▶ Input records:
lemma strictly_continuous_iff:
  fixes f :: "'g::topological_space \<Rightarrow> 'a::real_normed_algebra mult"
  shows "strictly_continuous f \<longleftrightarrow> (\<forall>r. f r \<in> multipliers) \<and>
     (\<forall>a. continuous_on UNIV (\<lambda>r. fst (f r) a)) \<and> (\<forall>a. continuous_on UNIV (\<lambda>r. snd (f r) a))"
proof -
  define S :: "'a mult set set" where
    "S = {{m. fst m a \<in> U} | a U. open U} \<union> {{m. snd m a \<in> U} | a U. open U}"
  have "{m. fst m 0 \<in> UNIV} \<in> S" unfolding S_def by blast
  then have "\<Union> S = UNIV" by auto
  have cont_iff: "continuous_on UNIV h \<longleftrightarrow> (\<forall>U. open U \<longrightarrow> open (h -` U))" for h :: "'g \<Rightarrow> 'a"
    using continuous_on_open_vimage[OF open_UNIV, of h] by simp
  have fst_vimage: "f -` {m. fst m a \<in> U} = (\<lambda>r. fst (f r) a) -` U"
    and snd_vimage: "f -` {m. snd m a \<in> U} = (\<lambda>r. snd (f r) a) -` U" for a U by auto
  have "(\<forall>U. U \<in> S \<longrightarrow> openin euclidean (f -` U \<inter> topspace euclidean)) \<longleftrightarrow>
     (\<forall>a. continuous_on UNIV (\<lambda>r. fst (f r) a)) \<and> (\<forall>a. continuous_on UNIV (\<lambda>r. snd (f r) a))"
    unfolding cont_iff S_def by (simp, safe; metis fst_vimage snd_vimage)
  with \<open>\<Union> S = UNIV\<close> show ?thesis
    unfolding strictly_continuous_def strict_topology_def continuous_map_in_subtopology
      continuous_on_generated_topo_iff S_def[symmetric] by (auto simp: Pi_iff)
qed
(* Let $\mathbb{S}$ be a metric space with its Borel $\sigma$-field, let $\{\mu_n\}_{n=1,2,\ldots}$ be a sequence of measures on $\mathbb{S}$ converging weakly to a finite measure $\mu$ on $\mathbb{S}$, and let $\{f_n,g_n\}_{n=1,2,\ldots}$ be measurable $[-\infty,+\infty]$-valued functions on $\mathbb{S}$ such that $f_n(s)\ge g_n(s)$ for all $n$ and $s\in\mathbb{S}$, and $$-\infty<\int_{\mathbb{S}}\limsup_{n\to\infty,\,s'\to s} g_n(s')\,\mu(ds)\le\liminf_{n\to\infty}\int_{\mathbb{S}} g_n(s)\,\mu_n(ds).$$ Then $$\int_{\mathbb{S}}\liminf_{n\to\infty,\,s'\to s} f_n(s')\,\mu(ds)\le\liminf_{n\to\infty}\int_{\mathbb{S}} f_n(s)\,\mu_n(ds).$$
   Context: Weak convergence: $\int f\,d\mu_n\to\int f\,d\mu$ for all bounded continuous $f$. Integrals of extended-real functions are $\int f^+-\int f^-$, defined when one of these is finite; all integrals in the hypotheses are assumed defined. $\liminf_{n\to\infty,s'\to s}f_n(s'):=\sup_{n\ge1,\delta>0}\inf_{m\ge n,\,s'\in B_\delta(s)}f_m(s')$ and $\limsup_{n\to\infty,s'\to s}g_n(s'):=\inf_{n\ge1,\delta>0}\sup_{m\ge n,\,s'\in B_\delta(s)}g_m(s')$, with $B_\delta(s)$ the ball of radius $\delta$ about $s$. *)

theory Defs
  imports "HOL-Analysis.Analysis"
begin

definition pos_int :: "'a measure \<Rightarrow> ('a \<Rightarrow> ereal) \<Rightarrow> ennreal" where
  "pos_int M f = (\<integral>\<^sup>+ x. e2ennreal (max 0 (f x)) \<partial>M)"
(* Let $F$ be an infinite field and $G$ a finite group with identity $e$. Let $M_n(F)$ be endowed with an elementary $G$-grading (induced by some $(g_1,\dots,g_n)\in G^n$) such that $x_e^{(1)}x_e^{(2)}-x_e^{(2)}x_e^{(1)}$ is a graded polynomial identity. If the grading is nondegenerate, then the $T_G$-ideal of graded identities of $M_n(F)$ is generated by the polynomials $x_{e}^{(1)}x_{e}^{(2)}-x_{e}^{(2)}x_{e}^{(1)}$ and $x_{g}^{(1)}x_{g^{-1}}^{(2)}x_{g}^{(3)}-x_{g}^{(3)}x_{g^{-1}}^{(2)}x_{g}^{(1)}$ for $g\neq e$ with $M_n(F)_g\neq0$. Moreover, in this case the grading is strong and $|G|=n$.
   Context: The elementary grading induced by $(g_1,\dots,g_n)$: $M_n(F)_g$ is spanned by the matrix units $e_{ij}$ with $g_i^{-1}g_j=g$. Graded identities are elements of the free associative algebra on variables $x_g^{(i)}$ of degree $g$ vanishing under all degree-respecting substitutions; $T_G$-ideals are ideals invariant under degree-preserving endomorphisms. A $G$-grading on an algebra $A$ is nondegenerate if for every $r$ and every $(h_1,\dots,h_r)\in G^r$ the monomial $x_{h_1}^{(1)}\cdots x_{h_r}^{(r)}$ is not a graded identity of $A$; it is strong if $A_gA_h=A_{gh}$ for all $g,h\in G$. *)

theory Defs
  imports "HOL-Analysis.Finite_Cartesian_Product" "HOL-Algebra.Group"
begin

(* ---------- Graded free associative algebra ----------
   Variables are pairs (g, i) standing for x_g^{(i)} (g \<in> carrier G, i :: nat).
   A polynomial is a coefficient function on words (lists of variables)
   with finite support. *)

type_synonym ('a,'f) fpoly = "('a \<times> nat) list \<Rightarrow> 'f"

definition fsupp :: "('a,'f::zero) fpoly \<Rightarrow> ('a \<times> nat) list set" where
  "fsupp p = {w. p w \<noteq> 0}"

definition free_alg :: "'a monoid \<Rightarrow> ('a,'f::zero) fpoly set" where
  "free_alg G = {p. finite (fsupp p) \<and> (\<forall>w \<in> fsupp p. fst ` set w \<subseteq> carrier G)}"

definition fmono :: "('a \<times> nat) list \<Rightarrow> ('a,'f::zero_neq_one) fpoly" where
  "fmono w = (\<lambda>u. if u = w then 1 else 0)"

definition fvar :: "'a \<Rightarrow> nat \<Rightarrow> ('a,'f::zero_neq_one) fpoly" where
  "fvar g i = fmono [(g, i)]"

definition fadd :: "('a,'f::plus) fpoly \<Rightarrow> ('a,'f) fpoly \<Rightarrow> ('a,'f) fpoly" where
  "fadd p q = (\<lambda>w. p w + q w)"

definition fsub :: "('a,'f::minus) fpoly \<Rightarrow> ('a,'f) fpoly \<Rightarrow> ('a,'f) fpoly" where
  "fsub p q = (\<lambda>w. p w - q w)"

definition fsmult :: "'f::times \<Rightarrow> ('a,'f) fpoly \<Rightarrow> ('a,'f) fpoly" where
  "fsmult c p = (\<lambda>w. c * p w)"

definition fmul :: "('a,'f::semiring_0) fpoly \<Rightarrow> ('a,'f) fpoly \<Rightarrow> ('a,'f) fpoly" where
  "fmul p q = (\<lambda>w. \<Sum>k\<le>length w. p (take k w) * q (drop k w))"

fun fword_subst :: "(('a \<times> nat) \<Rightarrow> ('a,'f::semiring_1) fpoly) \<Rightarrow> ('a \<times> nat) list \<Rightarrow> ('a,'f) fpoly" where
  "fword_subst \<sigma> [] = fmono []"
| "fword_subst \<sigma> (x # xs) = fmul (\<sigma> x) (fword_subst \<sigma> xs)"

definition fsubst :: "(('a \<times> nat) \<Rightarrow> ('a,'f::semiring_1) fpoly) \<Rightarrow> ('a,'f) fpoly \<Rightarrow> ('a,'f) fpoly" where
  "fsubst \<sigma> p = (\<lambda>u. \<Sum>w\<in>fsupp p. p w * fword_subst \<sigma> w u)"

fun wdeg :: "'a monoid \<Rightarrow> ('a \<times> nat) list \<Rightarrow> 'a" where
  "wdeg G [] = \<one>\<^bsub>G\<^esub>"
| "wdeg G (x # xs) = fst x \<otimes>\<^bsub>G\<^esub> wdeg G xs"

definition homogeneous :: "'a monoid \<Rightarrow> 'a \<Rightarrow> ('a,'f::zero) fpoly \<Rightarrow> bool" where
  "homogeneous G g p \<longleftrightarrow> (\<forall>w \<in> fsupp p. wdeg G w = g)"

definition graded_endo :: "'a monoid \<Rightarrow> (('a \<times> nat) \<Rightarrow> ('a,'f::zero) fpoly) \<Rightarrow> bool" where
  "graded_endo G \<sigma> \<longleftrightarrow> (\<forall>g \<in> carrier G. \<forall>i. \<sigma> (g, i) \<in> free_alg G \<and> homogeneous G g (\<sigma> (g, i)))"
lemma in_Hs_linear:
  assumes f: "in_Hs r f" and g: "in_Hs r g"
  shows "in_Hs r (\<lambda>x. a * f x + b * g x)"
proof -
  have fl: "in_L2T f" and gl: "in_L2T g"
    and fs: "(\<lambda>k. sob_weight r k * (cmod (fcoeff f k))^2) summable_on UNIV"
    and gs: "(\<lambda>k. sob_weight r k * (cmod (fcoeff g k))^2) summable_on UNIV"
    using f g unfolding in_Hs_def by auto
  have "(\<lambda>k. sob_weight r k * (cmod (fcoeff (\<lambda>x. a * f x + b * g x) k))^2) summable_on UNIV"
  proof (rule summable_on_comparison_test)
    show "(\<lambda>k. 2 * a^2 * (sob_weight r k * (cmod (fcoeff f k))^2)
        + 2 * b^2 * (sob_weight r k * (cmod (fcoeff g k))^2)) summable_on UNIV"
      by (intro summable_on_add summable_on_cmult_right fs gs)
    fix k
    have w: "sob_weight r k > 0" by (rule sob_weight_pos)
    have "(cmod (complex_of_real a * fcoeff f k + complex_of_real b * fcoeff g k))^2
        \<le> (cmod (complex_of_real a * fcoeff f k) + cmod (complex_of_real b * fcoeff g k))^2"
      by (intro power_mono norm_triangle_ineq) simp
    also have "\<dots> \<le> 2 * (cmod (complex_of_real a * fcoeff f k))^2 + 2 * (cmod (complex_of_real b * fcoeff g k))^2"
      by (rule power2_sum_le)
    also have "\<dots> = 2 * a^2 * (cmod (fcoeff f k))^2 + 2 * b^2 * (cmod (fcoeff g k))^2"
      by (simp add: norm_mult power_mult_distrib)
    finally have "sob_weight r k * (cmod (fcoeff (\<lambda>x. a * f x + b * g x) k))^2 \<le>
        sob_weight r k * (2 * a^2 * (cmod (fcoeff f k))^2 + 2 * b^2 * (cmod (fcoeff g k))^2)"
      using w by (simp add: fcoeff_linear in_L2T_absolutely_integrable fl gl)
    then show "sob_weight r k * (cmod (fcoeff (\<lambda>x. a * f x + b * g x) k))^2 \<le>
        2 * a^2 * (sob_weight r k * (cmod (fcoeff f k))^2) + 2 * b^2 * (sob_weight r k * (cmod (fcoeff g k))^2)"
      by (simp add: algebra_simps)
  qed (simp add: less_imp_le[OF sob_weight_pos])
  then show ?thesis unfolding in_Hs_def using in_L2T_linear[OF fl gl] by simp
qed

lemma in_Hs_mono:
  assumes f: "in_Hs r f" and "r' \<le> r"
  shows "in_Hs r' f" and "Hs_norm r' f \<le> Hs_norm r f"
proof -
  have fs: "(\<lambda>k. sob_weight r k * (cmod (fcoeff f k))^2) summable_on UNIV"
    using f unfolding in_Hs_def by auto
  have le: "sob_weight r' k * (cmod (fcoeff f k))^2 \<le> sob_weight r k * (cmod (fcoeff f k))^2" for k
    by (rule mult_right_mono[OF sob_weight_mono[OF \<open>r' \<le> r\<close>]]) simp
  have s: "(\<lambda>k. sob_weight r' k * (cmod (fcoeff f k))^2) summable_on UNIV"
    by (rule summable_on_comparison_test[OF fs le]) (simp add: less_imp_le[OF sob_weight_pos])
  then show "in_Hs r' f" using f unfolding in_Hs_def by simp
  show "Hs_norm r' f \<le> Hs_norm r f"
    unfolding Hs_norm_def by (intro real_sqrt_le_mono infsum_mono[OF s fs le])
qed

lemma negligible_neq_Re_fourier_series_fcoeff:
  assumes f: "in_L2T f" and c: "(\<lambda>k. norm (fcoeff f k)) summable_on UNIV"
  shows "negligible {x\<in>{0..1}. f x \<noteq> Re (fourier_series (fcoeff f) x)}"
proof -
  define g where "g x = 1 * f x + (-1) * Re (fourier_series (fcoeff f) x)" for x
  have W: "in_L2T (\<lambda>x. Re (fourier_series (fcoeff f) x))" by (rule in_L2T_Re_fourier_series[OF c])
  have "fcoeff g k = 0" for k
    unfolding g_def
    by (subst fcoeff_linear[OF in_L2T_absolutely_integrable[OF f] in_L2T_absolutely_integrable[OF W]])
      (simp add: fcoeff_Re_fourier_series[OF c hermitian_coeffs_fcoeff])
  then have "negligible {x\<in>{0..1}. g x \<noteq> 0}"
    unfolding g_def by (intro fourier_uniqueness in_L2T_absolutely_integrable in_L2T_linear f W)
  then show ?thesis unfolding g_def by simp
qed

▶ Directions:
Beginning with the line holding "fmul (\<sigma> x)" and ending with the line holding "proof (rule summable_on_comparison_test)", write out the stretch of material above exactly; add no further lines.

▶ Response to this exercise:
| "fword_subst \<sigma> (x # xs) = fmul (\<sigma> x) (fword_subst \<sigma> xs)"

definition fsubst :: "(('a \<times> nat) \<Rightarrow> ('a,'f::semiring_1) fpoly) \<Rightarrow> ('a,'f) fpoly \<Rightarrow> ('a,'f) fpoly" where
  "fsubst \<sigma> p = (\<lambda>u. \<Sum>w\<in>fsupp p. p w * fword_subst \<sigma> w u)"

fun wdeg :: "'a monoid \<Rightarrow> ('a \<times> nat) list \<Rightarrow> 'a" where
  "wdeg G [] = \<one>\<^bsub>G\<^esub>"
| "wdeg G (x # xs) = fst x \<otimes>\<^bsub>G\<^esub> wdeg G xs"

definition homogeneous :: "'a monoid \<Rightarrow> 'a \<Rightarrow> ('a,'f::zero) fpoly \<Rightarrow> bool" where
  "homogeneous G g p \<longleftrightarrow> (\<forall>w \<in> fsupp p. wdeg G w = g)"

definition graded_endo :: "'a monoid \<Rightarrow> (('a \<times> nat) \<Rightarrow> ('a,'f::zero) fpoly) \<Rightarrow> bool" where
  "graded_endo G \<sigma> \<longleftrightarrow> (\<forall>g \<in> carrier G. \<forall>i. \<sigma> (g, i) \<in> free_alg G \<and> homogeneous G g (\<sigma> (g, i)))"
lemma in_Hs_linear:
  assumes f: "in_Hs r f" and g: "in_Hs r g"
  shows "in_Hs r (\<lambda>x. a * f x + b * g x)"
proof -
  have fl: "in_L2T f" and gl: "in_L2T g"
    and fs: "(\<lambda>k. sob_weight r k * (cmod (fcoeff f k))^2) summable_on UNIV"
    and gs: "(\<lambda>k. sob_weight r k * (cmod (fcoeff g k))^2) summable_on UNIV"
    using f g unfolding in_Hs_def by auto
  have "(\<lambda>k. sob_weight r k * (cmod (fcoeff (\<lambda>x. a * f x + b * g x) k))^2) summable_on UNIV"
  proof (rule summable_on_comparison_test)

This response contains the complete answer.